Es war noch früh am Tage, als eine Dame in einem Fiaker, von der Eisenbahn vor dem »Schöpfen-Hotel« anlangte; ihr Gepäck bestand aus einem schwarzen Koffer und einer abgenutzten ledernen Reisetasche. Der Name auf dem Koffer, wie er auf einem frischen Gepäck zettel geschrieben stand, war ein in Schottland und England sehr wohltönender, einer großen Anzahl von Damen gemeinsamer: Mrs Graham.

Mrs. Graham bat den in der Thür des Hotels stehenden Wirth, ihr ein Schlafzimmer anzuweisen, und wurde alsbald dem dienstthuenden Hausmädchen übergeben.

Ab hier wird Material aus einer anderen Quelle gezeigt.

theorem mainTheorem4:
  fixes L :: nat
  assumes "L \<ge> 100"
  shows
    "(\<forall>j p p'. p \<in> Xsp L j \<and> p' \<in> Xsp L j \<and> p \<noteq> p' \<and> pimap L j p = pimap L j p'
         \<longrightarrow> vpath_le2 L j {p, p'})
   \<and> (\<forall>j \<sigma> \<sigma>'. cell2X L j \<sigma> \<and> cell2X L j \<sigma>' \<and> pimap L j ` \<sigma> \<inter> pimap L j ` \<sigma>' \<noteq> {}
         \<longrightarrow> \<sigma> \<inter> \<sigma>' \<noteq> {})
   \<and> (\<forall>j j' \<sigma> \<sigma>'. j \<le> j' \<and> cell2Y L j \<sigma> \<and> cell2Y L j' \<sigma>'
         \<and> qmap (Rinf L) ` \<sigma> \<inter> qmap (Rinf L) ` \<sigma>' \<noteq> {}
         \<longrightarrow> qmap (Rj L j') ` \<sigma> \<inter> qmap (Rj L j') ` \<sigma>' \<noteq> {})"
proof (intro conjI allI impI; elim conjE)
  have L: "L > 0" using assms by simp
  show "vpath_le2 L j {p, p'}"
    if "p \<in> Xsp L j" "p' \<in> Xsp L j" "p \<noteq> p'" "pimap L j p = pimap L j p'" for j p p'
    using vpath_le2_if_pimap_eq[OF L that] .
  show "\<sigma> \<inter> \<sigma>' \<noteq> {}"
    if "cell2X L j \<sigma>" "cell2X L j \<sigma>'" "pimap L j ` \<sigma> \<inter> pimap L j ` \<sigma>' \<noteq> {}" for j \<sigma> \<sigma>'
    using cell2X_inter_nonempty_if_pimap[OF L that] .
  show "qmap (Rj L j') ` \<sigma> \<inter> qmap (Rj L j') ` \<sigma>' \<noteq> {}"
    if "j \<le> j'" "cell2Y L j \<sigma>" "cell2Y L j' \<sigma>'"
      "qmap (Rinf L) ` \<sigma> \<inter> qmap (Rinf L) ` \<sigma>' \<noteq> {}" for j j' \<sigma> \<sigma>'
    using image_qmap_Rj_inter_nonempty_if_Rinf[OF L that] .
qed

end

Als Mr. Karnegie in den Raum hinter dem Schenktisch, wo die Rechnungen geführt wurden, zurückkehrte, überraschte er seine Frau durch schnellere Bewegungen und ein heitereres Aussehen, als sie bei ihm gewöhnlich waren. Mr. Karnegie, der sich den schwarzen Koffer auf dem Vorplatz betrachtet hatte, meldete, daß eben eine Mrs. Graham angekommen und auf der Stelle als Bewohnerin des Zimmers No. 17. zu buchen sei. Da seine Frau ihm in wenig verbindlicher Weise zu wissen that, daß diese Mittheilung durchaus nicht genüge, um das Interesse, welches eine völlig Fremde bei ihm erregt zu haben scheute, zu erklären, rückte Mr. Karnegie mit der Sprache heraus und berichtete, daß Mrs. Graham die hübscheste Frau sei, die er seit langer Zeit gesehen habe, und daß er fürchte, es stehe mit ihrer Gesundheit nicht zum Besten.

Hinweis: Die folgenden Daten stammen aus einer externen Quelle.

text \<open>A longest independent list in \<open>M\<close> spans \<open>M\<close>; its length is bounded by the rank.\<close>
lemma singular_subspace_finitely_spanned:
  assumes lines: "\<forall>l\<in>L. l \<subseteq> P" and M: "singular_subspace P L M"
    and rank: "\<not> singular_chain P L (Suc n)"
  shows "\<exists>F. finite F \<and> F \<subseteq> M \<and> card F \<le> n \<and> span P L F = M"
proof -
  define Q where "Q xs \<longleftrightarrow> set xs \<subseteq> M \<and> span_independent P L xs" for xs
  have bound: "length xs \<le> n" if "Q xs" for xs
  proof (rule ccontr)
    assume "\<not> length xs \<le> n"
    then have "length (take (Suc n) xs) = Suc n" by simp
    moreover have "set (take (Suc n) xs) \<subseteq> M" using that set_take_subset unfolding Q_def by fastforce
    moreover have "span_independent P L (take (Suc n) xs)"
      using that span_independent_take unfolding Q_def by blast
    ultimately show False
      using singular_chain_span_independent[OF lines M] rank by metis
  qed
  have "Q []" unfolding Q_def span_independent_def by simp
  then obtain xs where xs: "Q xs" and longest: "\<And>ys. Q ys \<Longrightarrow> length ys \<le> length xs"
    using ex_has_greatest_nat[of Q "[]" length "Suc n"] bound by (metis less_Suc_eq_le)
  have "span P L (set xs) = M"
  proof (rule ccontr)
    assume "span P L (set xs) \<noteq> M"
    moreover have "span P L (set xs) \<subseteq> M"
      using xs M unfolding Q_def singular_subspace_def by (simp add: span_least)
    ultimately obtain p where "p \<in> M" "p \<notin> span P L (set xs)" by blast
    then have "Q (xs @ [p])" using xs span_independent_snoc unfolding Q_def by auto
    then show False using longest[of "xs @ [p]"] by simp
  qed
  moreover have "card (set xs) \<le> n" using bound[OF xs] card_length le_trans by blast
  ultimately show ?thesis using xs unfolding Q_def by blast
qed

subsection \<open>Maximal well ordered chains of nice subspaces\<close>

lemma nice_subspace_mono:
  "nice_subspace P L S \<Longrightarrow> S \<subseteq> W \<Longrightarrow> subspace P L W \<Longrightarrow> nice_subspace P L W"
  unfolding nice_subspace_def by blast

lemma nice_subspace_subset: "nice_subspace P L S \<Longrightarrow> S \<subseteq> P"
  unfolding nice_subspace_def subspace_def by blast

lemma wo_chain_nice: "wo_chain P L C \<Longrightarrow> S \<in> C \<Longrightarrow> nice_subspace P L S"
  unfolding wo_chain_def by blast

lemma wo_chain_comparable: "wo_chain P L C \<Longrightarrow> A \<in> C \<Longrightarrow> B \<in> C \<Longrightarrow> A \<subseteq> B \<or> B \<subseteq> A"
  unfolding wo_chain_def by blast

lemma maximal_wo_chain_wo_chain: "maximal_wo_chain P L C \<Longrightarrow> wo_chain P L C"
  unfolding maximal_wo_chain_def by simp

lemma wo_chain_least:
  assumes "wo_chain P L C" "D \<subseteq> C" "D \<noteq> {}"
  obtains m where "m \<in> D" "\<forall>A\<in>D. m \<subseteq> A"
  using assms unfolding wo_chain_def by meson

lemma wo_chain_insert:
  assumes C: "wo_chain P L C" and T: "nice_subspace P L T" "\<forall>A\<in>C. A \<subseteq> T \<or> T \<subseteq> A"
  shows "wo_chain P L (insert T C)"
  unfolding wo_chain_def
proof (intro conjI allI impI)
  fix D assume D: "D \<subseteq> insert T C \<and> D \<noteq> {}"
  show "\<exists>m\<in>D. \<forall>A\<in>D. m \<subseteq> A"
  proof (cases "D - {T} = {}")
    case True
    then show ?thesis using D by blast
  next
    case False
    moreover have "D - {T} \<subseteq> C" using D by blast
    ultimately obtain m where m: "m \<in> D - {T}" "\<forall>A\<in>D - {T}. m \<subseteq> A"
      using wo_chain_least[OF C] by metis
    then have "m \<in> C" using D by blast
    show ?thesis
    proof (cases "T \<in> D \<and> T \<subseteq> m")
      case True
      then show ?thesis using m(2) by blast
    next
      case False
      then have "T \<in> D \<longrightarrow> m \<subseteq> T" using T(2) \<open>m \<in> C\<close> by blast
      then show ?thesis using m by blast
    qed
  qed
next
  show "\<forall>S\<in>insert T C. nice_subspace P L S" using C T(1) unfolding wo_chain_def by simp
  show "\<forall>A\<in>insert T C. \<forall>B\<in>insert T C. A \<subseteq> B \<or> B \<subseteq> A"
    using C T(2) unfolding wo_chain_def by simp blast
qed

lemma maximal_wo_chain_comparable_mem:
  assumes "maximal_wo_chain P L C" "nice_subspace P L T" "\<forall>A\<in>C. A \<subseteq> T \<or> T \<subseteq> A"
  shows "T \<in> C"
proof -
  have "wo_chain P L (insert T C)"
    using wo_chain_insert[OF maximal_wo_chain_wo_chain[OF assms(1)] assms(2,3)] .
  then have "insert T C = C" using assms(1) unfolding maximal_wo_chain_def by blast
  then show ?thesis by blast
qed

lemma wo_chain_induct [consumes 2, case_names step]:
  assumes C: "wo_chain P L C" and "S \<in> C"
    and step: "\<And>S. S \<in> C \<Longrightarrow> (\<And>A. A \<in> C \<Longrightarrow> A \<subset> S \<Longrightarrow> Q A) \<Longrightarrow> Q S"
  shows "Q S"
proof (rule ccontr)
  assume "\<not> Q S"
  then obtain m where m: "m \<in> {A\<in>C. \<not> Q A}" "\<forall>A\<in>{A\<in>C. \<not> Q A}. m \<subseteq> A"
    using wo_chain_least[OF C, of "{A\<in>C. \<not> Q A}"] \<open>S \<in> C\<close> by blast
  have "Q m" by (rule step) (use m in blast)+
  then show False using m(1) by blast
qed

lemma maximal_wo_chain_top:
  assumes lines: "\<forall>l\<in>L. l \<subseteq> P" and N: "nice_subspace P L N" and C: "maximal_wo_chain P L C"
  shows "P \<in> C"
proof (rule maximal_wo_chain_comparable_mem[OF C])
  show "nice_subspace P L P"
    using nice_subspace_mono[OF N nice_subspace_subset[OF N] subspace_points[OF lines]] .
  show "\<forall>A\<in>C. A \<subseteq> P \<or> P \<subseteq> A"
    using maximal_wo_chain_wo_chain[OF C] nice_subspace_subset wo_chain_nice by blast
qed

lemma maximal_wo_chain_least_minimal:
  assumes "maximal_wo_chain P L C" "S\<^sub>0 \<in> C" "\<forall>A\<in>C. S\<^sub>0 \<subseteq> A"
    and "nice_subspace P L T" "T \<subseteq> S\<^sub>0"
  shows "T = S\<^sub>0"
proof -
  have "T \<in> C" using maximal_wo_chain_comparable_mem[OF assms(1,4)] assms(3,5) by blast
  then show ?thesis using assms(3,5) by blast
qed

definition chain_below :: "'a set set \<Rightarrow> 'a set \<Rightarrow> 'a set" where
  "chain_below C S = \<Union>{A\<in>C. A \<subset> S}"

text \<open>No subspace of \<open>S\<close> fits strictly between the predecessors of \<open>S\<close> and \<open>S\<close> itself:
  it would be comparable with every member of \<open>C\<close>, hence a member.\<close>
lemma maximal_wo_chain_gap:
  assumes "maximal_wo_chain P L C" "S\<^sub>0 \<in> C" "\<forall>A\<in>C. S\<^sub>0 \<subseteq> A"
    and S: "S \<in> C" "S \<noteq> S\<^sub>0"
    and T: "subspace P L T" "chain_below C S \<subseteq> T" "T \<subseteq> S"
  shows "T = S \<or> T \<subseteq> chain_below C S"
proof -
  have woC: "wo_chain P L C" using maximal_wo_chain_wo_chain[OF assms(1)] .
  have "S\<^sub>0 \<subset> S" using assms(3) S by blast
  then have "S\<^sub>0 \<subseteq> chain_below C S" using assms(2) unfolding chain_below_def by blast
  then have "nice_subspace P L T"
    using nice_subspace_mono[OF wo_chain_nice[OF woC assms(2)] _ T(1)] T(2) by blast
  moreover have "A \<subseteq> T \<or> T \<subseteq> A" if "A \<in> C" for A
  proof (cases "A \<subset> S")
    case True
    then have "A \<subseteq> chain_below C S" using that unfolding chain_below_def by blast
    then show ?thesis using T(2) by blast
  next
    case False
    then have "S \<subseteq> A" using wo_chain_comparable[OF woC that S(1)] by blast
    then show ?thesis using T(3) by blast
  qed
  ultimately have "T \<in> C" using maximal_wo_chain_comparable_mem[OF assms(1)] by blast
  then show ?thesis using T(3) unfolding chain_below_def by blast
qed

lemma maximal_wo_chain_span_insert_below:
  assumes lines: "\<forall>l\<in>L. l \<subseteq> P" and C: "maximal_wo_chain P L C"
    and S\<^sub>0: "S\<^sub>0 \<in> C" "\<forall>A\<in>C. S\<^sub>0 \<subseteq> A" and S: "S \<in> C" "S \<noteq> S\<^sub>0"
  shows "\<exists>p. S = span P L (insert p (chain_below C S))"
proof -
  have S_subspace: "subspace P L S"
    using wo_chain_nice[OF maximal_wo_chain_wo_chain[OF C] S(1)] unfolding nice_subspace_def by blast
  have below: "chain_below C S \<subseteq> S" unfolding chain_below_def by blast
  obtain p where p: "p \<in> S" "S \<subseteq> chain_below C S \<or> p \<notin> chain_below C S"
    using S S\<^sub>0(2) by blast
  let ?T = "span P L (insert p (chain_below C S))"
  have T_le: "?T \<subseteq> S" using span_least[OF S_subspace] p(1) below by blast
  have T_ge: "insert p (chain_below C S) \<subseteq> ?T" by (rule span_superset)
  have "?T = S"
  proof (cases "S \<subseteq> chain_below C S")
    case True
    then show ?thesis using T_le T_ge by blast
  next
    case False
    have "insert p (chain_below C S) \<subseteq> P"
      using p(1) below S_subspace unfolding subspace_def by blast
    then have "subspace P L ?T" by (rule subspace_span[OF lines])
    then have "?T = S \<or> ?T \<subseteq> chain_below C S"
      using maximal_wo_chain_gap[OF C S\<^sub>0 S] T_le T_ge by blast
    then show ?thesis using False p(2) T_ge by blast
  qed
  then show ?thesis by metis
qed

lemma nice_subspace_contains_nice_span:
  assumes lines: "\<forall>l\<in>L. l \<subseteq> P" and rank: "\<not> singular_chain P L (Suc n)"
    and S: "nice_subspace P L S"
  shows "\<exists>F. finite F \<and> F \<subseteq> S \<and> card F \<le> 2 * n \<and> nice_subspace P L (span P L F)"
proof -
  obtain M\<^sub>1 M\<^sub>2 where M: "maximal_singular_subspace P L M\<^sub>1" "maximal_singular_subspace P L M\<^sub>2"
    "M\<^sub>1 \<subseteq> S" "M\<^sub>2 \<subseteq> S" "M\<^sub>1 \<inter> M\<^sub>2 = {}"
    using S unfolding nice_subspace_def by blast
  obtain F\<^sub>1 F\<^sub>2 where F: "finite F\<^sub>1" "F\<^sub>1 \<subseteq> M\<^sub>1" "card F\<^sub>1 \<le> n" "span P L F\<^sub>1 = M\<^sub>1"
    "finite F\<^sub>2" "F\<^sub>2 \<subseteq> M\<^sub>2" "card F\<^sub>2 \<le> n" "span P L F\<^sub>2 = M\<^sub>2"
    using M(1,2) singular_subspace_finitely_spanned[OF lines _ rank]
    unfolding maximal_singular_subspace_def by meson
  have "card (F\<^sub>1 \<union> F\<^sub>2) \<le> 2 * n" using card_Un_le[of F\<^sub>1 F\<^sub>2] F by linarith
  moreover have "F\<^sub>1 \<union> F\<^sub>2 \<subseteq> S" using F M by blast
  moreover have "M\<^sub>1 \<subseteq> span P L (F\<^sub>1 \<union> F\<^sub>2)" "M\<^sub>2 \<subseteq> span P L (F\<^sub>1 \<union> F\<^sub>2)"
    using span_mono[of F\<^sub>1 "F\<^sub>1 \<union> F\<^sub>2" P L] span_mono[of F\<^sub>2 "F\<^sub>1 \<union> F\<^sub>2" P L] F by auto
  moreover have "subspace P L (span P L (F\<^sub>1 \<union> F\<^sub>2))"
    using subspace_span[OF lines] \<open>F\<^sub>1 \<union> F\<^sub>2 \<subseteq> S\<close> nice_subspace_subset[OF S] by blast
  ultimately show ?thesis using M F(1,5) unfolding nice_subspace_def by blast
qed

Bei dieser Antwort wurden Mrs. Karnegie’s Augen bebeutend größer und ihre Wangen bedeutend rother. Sie erhob sich von ihrem Stuhl und erklärte, es werde wohl eben so gut sein, wenn sie die Einführung Mrs. Graham’s in ihr Zimmer selbst überwache und sich selbst überzeuge, ob Mrs. Graham ein passender Gast für das »Schöpfen-Hotel« sei.

Darauf that Mr. Karnegie was er immer that, er stimmte seiner Frau bei.

Mrs. Karnegie entfernte sich auf kurze Zeit. Bei ihrer Rückkehr richteten sich ihre Augen mit einem tigerartigen Ausdruck auf ihren Gatten; sie beorderte Thee und eine leichte Erfrischung auf No. 17 und wandte sich, nachdem sie das gethan hatte, ohne daß sie irgend wie zu einer beleidigenden Bemerkung gereizt worden wäre, gegen Mr. Karnegie mit den Worten: »Karnegie, Du bist ein Narr!«

Karnegie fragte: »Warum liebes Kind?«

Mrs Karnegie schnalzte mit den Fingern und sagte: »Das gebe ich für ihr hübsches Gesicht, wenn Du die hübsch findest, weißt Du nicht, was eine hübsche Frau ist!«

Mr. Karnegie stimmte seiner Frau bei. Dann sagten Beide nichts weiter und der Kellner erschien mit seinem Theebret am Schenktisch. Nachdem Mrs. Karnegie das Theebret hatte fortbringen lassen, ohne ihre gewöhnliche Untersuchung mit demselben anzustellen, setzte sie sich plötzlich heftig nieder und sagte zu ihrem Gatten, der inzwischen kein Wort geäußert hatte: »Sprich mir nicht von ihrer schlechten Gesundheit. Das gebe ich für ihre schlechte Gesundheit, Sie hat Kummer!«

Mr. Karnegie sagte: »In der That?s«

Mrs. Karnegie erwiderte: »Wenn ich etwas gesagt habe, so betrachte ich es als eine Beleidigung, wenn jemand Anderes fragt, ob es sich in der That so verhält.«

Mr. Karnegie stimmte seiner Frau bei.

Es entstand eine neue Pause. Mrs. Karnegie schrieb mit dem Ausdruck der Entrüstung eine Rechnung aus. Mr. Karnegie sah sie erstaunt an. Mrs. Karnegie fragte ihn möglich, »Warum er seine Zeit damit vergeude, sie anzusehen, da er doch binnen Kurzem wieder Mrs. Graham ansehen könne.«

Darauf versuchte Mr. Karnegie die Sache dadurch gütlich beizulegen, daß er inzwischen seine eigenen Stiefel ansah.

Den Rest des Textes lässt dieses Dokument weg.